Security Model Assumptions
Effective AR watermarking often presupposes secrecy of encoder parameters and watermark keys, but this study shows that even moderate knowledge transfer (proxy encoders of similar architectures, accessible open-source models) suffices for most attack avenues. The lack of cryptographic binding between models, datasets, and watermarks remains a core Achilles’ heel.
Directions for Future Research
These results necessitate new directions in robust multimedia watermarking for generative models:
- Embedding schemes that are less transfer-prone or more robust to adversarial manipulations across encoder architectures.
- Watermark designs functioning under open-box assumptions with formally proven lower bounds on removability/forgery success rates.

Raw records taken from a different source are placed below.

definition G_space :: "('g, 'm) monoid_scheme \<Rightarrow> 'g topology \<Rightarrow> 'x topology
                        \<Rightarrow> ('g \<Rightarrow> 'x \<Rightarrow> 'x) \<Rightarrow> bool" where
  "G_space G TG X act \<longleftrightarrow>
     continuous_map (prod_topology TG X) X (\<lambda>(g, x). act g x) \<and>
     (\<forall>x\<in>topspace X. act \<one>\<^bsub>G\<^esub> x = x) \<and>
     (\<forall>g\<in>carrier G. \<forall>h\<in>carrier G. \<forall>x\<in>topspace X.
        act (g \<otimes>\<^bsub>G\<^esub> h) x = act g (act h x))"

definition isotropy :: "('g, 'm) monoid_scheme \<Rightarrow> ('g \<Rightarrow> 'x \<Rightarrow> 'x) \<Rightarrow> 'x \<Rightarrow> 'g set" where
  "isotropy G act z = {g \<in> carrier G. act g z = z}"

definition fixed_set :: "'x topology \<Rightarrow> ('g \<Rightarrow> 'x \<Rightarrow> 'x) \<Rightarrow> 'g set \<Rightarrow> 'x set" where
  "fixed_set X act K = {x \<in> topspace X. \<forall>k\<in>K. act k x = x}"

definition G_connected :: "('g, 'm) monoid_scheme \<Rightarrow> 'g topology \<Rightarrow> 'x topology
                            \<Rightarrow> ('g \<Rightarrow> 'x \<Rightarrow> 'x) \<Rightarrow> bool" where
  "G_connected G TG X act \<longleftrightarrow>
     (\<forall>K. subgroup K G \<and> closedin TG K \<longrightarrow> path_connectedin X (fixed_set X act K))"

definition invariant_set :: "'g set \<Rightarrow> ('g \<Rightarrow> 'y \<Rightarrow> 'y) \<Rightarrow> 'y set \<Rightarrow> bool" where
  "invariant_set \<Gamma> act U \<longleftrightarrow> (\<forall>\<gamma>\<in>\<Gamma>. \<forall>u\<in>U. act \<gamma> u \<in> U)"

definition equivariant_on :: "'g set \<Rightarrow> ('g \<Rightarrow> 'a \<Rightarrow> 'a) \<Rightarrow> ('g \<Rightarrow> 'b \<Rightarrow> 'b)
                               \<Rightarrow> 'a set \<Rightarrow> ('a \<Rightarrow> 'b) \<Rightarrow> bool" where
  "equivariant_on \<Gamma> act1 act2 U f \<longleftrightarrow> (\<forall>\<gamma>\<in>\<Gamma>. \<forall>u\<in>U. f (act1 \<gamma> u) = act2 \<gamma> (f u))"

text \<open>\<Gamma>-homotopy between maps defined on an invariant subset U of a \<Gamma>-space:
a homotopy all of whose stages are equivariant (trivial action on I).\<close>
definition G_homotopic :: "'g set \<Rightarrow> ('g \<Rightarrow> 'a \<Rightarrow> 'a) \<Rightarrow> ('g \<Rightarrow> 'b \<Rightarrow> 'b)
                            \<Rightarrow> 'a topology \<Rightarrow> 'b topology \<Rightarrow> ('a \<Rightarrow> 'b) \<Rightarrow> ('a \<Rightarrow> 'b) \<Rightarrow> bool" where
  "G_homotopic \<Gamma> act1 act2 A B f g \<longleftrightarrow>
     homotopic_with (equivariant_on \<Gamma> act1 act2 (topspace A)) A B f g"

definition orbit :: "'g set \<Rightarrow> ('g \<Rightarrow> 'y \<Rightarrow> 'y) \<Rightarrow> 'y \<Rightarrow> 'y set" where
  "orbit \<Gamma> act y = {act \<gamma> y | \<gamma>. \<gamma> \<in> \<Gamma>}"

definition G_categorical :: "'g set \<Rightarrow> 'y topology \<Rightarrow> ('g \<Rightarrow> 'y \<Rightarrow> 'y) \<Rightarrow> 'y set \<Rightarrow> bool" where
  "G_categorical \<Gamma> Y act U \<longleftrightarrow>
     invariant_set \<Gamma> act U \<and> U \<subseteq> topspace Y \<and>
     (\<exists>f y0. y0 \<in> topspace Y \<and> f ` U \<subseteq> orbit \<Gamma> act y0 \<and>
            G_homotopic \<Gamma> act act (subtopology Y U) Y id f)"

definition G_cat :: "'g set \<Rightarrow> 'y topology \<Rightarrow> ('g \<Rightarrow> 'y \<Rightarrow> 'y) \<Rightarrow> enat" where
  "G_cat \<Gamma> Y act = Inf {enat k | k. \<exists>U :: nat \<Rightarrow> 'y set.
      (\<forall>i<k. openin Y (U i) \<and> G_categorical \<Gamma> Y act (U i)) \<and>
      topspace Y \<subseteq> (\<Union>i<k. U i)}"

text \<open>Paths in X, as functions on [0,1] (extended by undefined elsewhere).\<close>
definition paths :: "'x topology \<Rightarrow> (real \<Rightarrow> 'x) set" where
  "paths X = {\<gamma>. pathin X \<gamma> \<and> \<gamma> \<in> extensional {0..1}}"

definition path_space :: "'x topology \<Rightarrow> (real \<Rightarrow> 'x) topology" where
  "path_space X = subtopology
     (topology_generated_by
        {{\<gamma> \<in> paths X. \<gamma> ` K \<subseteq> V} | K V.
            compactin (top_of_set {0..1::real}) K \<and> openin X V})
     (paths X)"

definition path_act :: "('g \<Rightarrow> 'x \<Rightarrow> 'x) \<Rightarrow> 'g \<Rightarrow> (real \<Rightarrow> 'x) \<Rightarrow> (real \<Rightarrow> 'x)" where
  "path_act act g \<gamma> = restrict (\<lambda>t. act g (\<gamma> t)) {0..1}"

definition diag_act :: "('g \<Rightarrow> 'x \<Rightarrow> 'x) \<Rightarrow> 'g \<Rightarrow> 'x \<times> 'x \<Rightarrow> 'x \<times> 'x" where
  "diag_act act g p = (act g (fst p), act g (snd p))"

definition endpoints :: "(real \<Rightarrow> 'x) \<Rightarrow> 'x \<times> 'x" where
  "endpoints \<gamma> = (\<gamma> 0, \<gamma> 1)"

definition TC_domain :: "'g set \<Rightarrow> 'x topology \<Rightarrow> ('g \<Rightarrow> 'x \<Rightarrow> 'x) \<Rightarrow> ('x \<times> 'x) set \<Rightarrow> bool" where
  "TC_domain \<Gamma> X act U \<longleftrightarrow>
     openin (prod_topology X X) U \<and> invariant_set \<Gamma> (diag_act act) U \<and>
     (\<exists>s. continuous_map (subtopology (prod_topology X X) U) (path_space X) s \<and>
          equivariant_on \<Gamma> (diag_act act) (path_act act) U s \<and>
          G_homotopic \<Gamma> (diag_act act) (diag_act act)
             (subtopology (prod_topology X X) U) (prod_topology X X) (endpoints \<circ> s) id)"

definition TC_G :: "'g set \<Rightarrow> 'x topology \<Rightarrow> ('g \<Rightarrow> 'x \<Rightarrow> 'x) \<Rightarrow> enat" where
  "TC_G \<Gamma> X act = Inf {enat k | k. \<exists>U :: nat \<Rightarrow> ('x \<times> 'x) set.
      (\<forall>i<k. TC_domain \<Gamma> X act (U i)) \<and>
      topspace (prod_topology X X) \<subseteq> (\<Union>i<k. U i)}"

end

theory Submission
  imports Defs
begin

text \<open>Slice a TC-cover of X \<times> X at z: for a domain U with equivariant section s, the
  slice {x. (z, x) \<in> U} is open, and since H = G_z fixes z, x \<mapsto> s (z, x) is an
  H-equivariant family of paths. Together with the restriction of the G-homotopy from
  endpoints \<circ> s to the inclusion, it deforms the slice H-equivariantly onto the point z,
  whose H-orbit is {z}. So every TC-cover by k sets yields an H-categorical cover of X by
  k sets.\<close>

lemma openin_path_space_subbasic:
  assumes "compactin (top_of_set {0..1::real}) K" and "openin X V"
  shows "openin (path_space X) {\<gamma> \<in> paths X. \<gamma> ` K \<subseteq> V}"
proof -
  have "openin (topology_generated_by
          {{\<gamma> \<in> paths X. \<gamma> ` K \<subseteq> V} | K V.
             compactin (top_of_set {0..1::real}) K \<and> openin X V})
          {\<gamma> \<in> paths X. \<gamma> ` K \<subseteq> V}"
    using assms by (intro topology_generated_by_Basis) blast
  then show ?thesis
    unfolding path_space_def openin_subtopology by blast
qed

lemma path_space_imp_pathin:
  assumes "\<gamma> \<in> topspace (path_space X)"
  shows "pathin X \<gamma>"
  using assms by (simp add: path_space_def paths_def)

lemma continuous_map_path_space_eval:
  assumes s: "continuous_map Y (path_space X) s"
  shows "continuous_map (prod_topology (top_of_set {0..1}) Y) X (\<lambda>(t, y). s y t)"
  unfolding continuous_map_eq_topcontinuous_at topcontinuous_at_def
proof (intro conjI ballI allI impI)
  have path: "\<And>y. y \<in> topspace Y \<Longrightarrow> pathin X (s y)"
    using continuous_map_image_subset_topspace[OF s] path_space_imp_pathin by blast
  then show "(\<lambda>(t, y). s y t) \<in> topspace (prod_topology (top_of_set {0..1}) Y) \<rightarrow> topspace X"
    by (fastforce simp: pathin_def continuous_map_def)
  fix p V
  assume p: "p \<in> topspace (prod_topology (top_of_set {0..1::real}) Y)"
    and V: "openin X V \<and> (case p of (t, y) \<Rightarrow> s y t) \<in> V"
  obtain t0 y0 where p_eq: "p = (t0, y0)" and t0: "t0 \<in> {0..1}" and y0: "y0 \<in> topspace Y"
    using p by auto
  have "openin (top_of_set {0..1::real}) {t \<in> {0..1}. s y0 t \<in> V}"
    using openin_continuous_map_preimage[OF path[OF y0, unfolded pathin_def], of V] V by simp
  then obtain d where "d > 0" and d: "\<And>t. t \<in> {0..1} \<Longrightarrow> dist t t0 < d \<Longrightarrow> s y0 t \<in> V"
    using V p_eq t0 unfolding openin_euclidean_subtopology_iff by force
  \<comment> \<open>A compact neighbourhood K of t0 on which s y0 stays in V; the paths with
      the same property form a subbasic open set of the path space.\<close>
  define K where "K = cball t0 (d/2) \<inter> {0..1}"
  define B where "B = {\<gamma> \<in> paths X. \<gamma> ` K \<subseteq> V}"
  have "compactin (top_of_set {0..1::real}) K"
    unfolding K_def compactin_subtopology by auto
  then have "openin Y {y \<in> topspace Y. s y \<in> B}"
    unfolding B_def using V
    by (intro openin_continuous_map_preimage[OF s] openin_path_space_subbasic) simp_all
  moreover have "openin (top_of_set {0..1::real}) (ball t0 (d/2) \<inter> {0..1})"
    by (metis openin_open_Int open_ball inf_commute)
  moreover have "s y0 \<in> B"
    using continuous_map_image_subset_topspace[OF s] y0 \<open>d > 0\<close> d
    by (fastforce simp: B_def K_def path_space_def dist_commute)
  ultimately show "\<exists>W. openin (prod_topology (top_of_set {0..1}) Y) W \<and> p \<in> W \<and>
                     (\<forall>q\<in>W. (case q of (t, y) \<Rightarrow> s y t) \<in> V)"
    using p_eq t0 y0 \<open>d > 0\<close>
    by (intro exI[of _ "(ball t0 (d/2) \<inter> {0..1}) \<times> {y \<in> topspace Y. s y \<in> B}"])
       (auto simp: openin_prod_Times_iff B_def K_def)
qed

lemma homotopic_with_path_space_endpoints:
  assumes "continuous_map Y (path_space X) s" and "\<And>t. t \<in> {0..1} \<Longrightarrow> P (\<lambda>y. s y t)"
  shows "homotopic_with P Y X (\<lambda>y. s y 0) (\<lambda>y. s y 1)"
  unfolding homotopic_with_def
  using continuous_map_path_space_eval[OF assms(1)] assms(2)
  by (intro exI[of _ "\<lambda>(t, y). s y t"]) auto

lemma equivariant_on_path_eval:
  assumes "equivariant_on \<Gamma> act1 (path_act act) U s" and "t \<in> {0..1}"
  shows "equivariant_on \<Gamma> act1 act U (\<lambda>u. s u t)"
  using assms by (simp add: equivariant_on_def path_act_def)

lemma homotopic_with_diag_act_components:
  assumes "homotopic_with (equivariant_on H act (diag_act act) V) A (prod_topology X X) f g"
  shows "homotopic_with (equivariant_on H act act V) A X (fst \<circ> f) (fst \<circ> g)"
    and "homotopic_with (equivariant_on H act act V) A X (snd \<circ> f) (snd \<circ> g)"
  by (intro homotopic_with_compose_continuous_map_left[OF assms continuous_map_fst]
        homotopic_with_compose_continuous_map_left[OF assms continuous_map_snd];
      auto simp: equivariant_on_def diag_act_def)+

definition slice :: "'x topology \<Rightarrow> ('x \<times> 'x) set \<Rightarrow> 'x \<Rightarrow> 'x set" where
  "slice X U z = {x \<in> topspace X. (z, x) \<in> U}"

lemma topspace_subtopology_slice [simp]: "topspace (subtopology X (slice X U z)) = slice X U z"
  by (auto simp: slice_def)

lemma continuous_map_Pair_slice:
  assumes "z \<in> topspace X"
  shows "continuous_map (subtopology X (slice X U z)) (subtopology (prod_topology X X) U) (Pair z)"
proof -
  have "continuous_map X (prod_topology X X) (Pair z)"
    using assms by (simp add: continuous_map_pairwise o_def)
  then show ?thesis
    by (auto simp: continuous_map_in_subtopology slice_def continuous_map_from_subtopology)
qed

lemma openin_slice:
  assumes "openin (prod_topology X X) U" and "z \<in> topspace X"
  shows "openin X (slice X U z)"
proof -
  have "continuous_map X (prod_topology X X) (Pair z)"
    using assms(2) by (simp add: continuous_map_pairwise o_def)
  from openin_continuous_map_preimage[OF this assms(1)] show ?thesis
    by (simp add: slice_def)
qed

lemma invariant_set_slice:
  assumes "invariant_set \<Gamma> (diag_act act) U" and "U \<subseteq> topspace (prod_topology X X)"
    and "H \<subseteq> \<Gamma>" and "\<forall>h\<in>H. act h z = z"
  shows "invariant_set H act (slice X U z)"
  unfolding invariant_set_def slice_def
proof (intro ballI, clarify)
  fix h x assume "h \<in> H" and "(z, x) \<in> U"
  then have "(z, act h x) \<in> U"
    using assms(1,3,4) by (force simp: invariant_set_def diag_act_def)
  with assms(2) show "act h x \<in> topspace X \<and> (z, act h x) \<in> U"
    by auto
qed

- Hybrid approaches leveraging both in-generation and post-hoc watermarking, linked to robust cryptographic primitives.
Conclusion
A comprehensive and methodologically rigorous robustness evaluation of state-of-the-art AR image watermarking reveals that current schemes do not provide the intended security guarantees for synthetic data provenance. Token-based methods are easily removable even with black-box attacks, while BitMark, though extremely robust to removal, is widely susceptible to realistic forgery. Adjustments to detection thresholds are fundamentally inadequate to address these weaknesses; thus, the challenge of practical, attack-resilient AR watermarking for content provenance and dataset filtering remains unresolved. This work lays the groundwork for further advances in robust watermarking aligned with adversarial threat modeling and open-source AR generation ecosystems.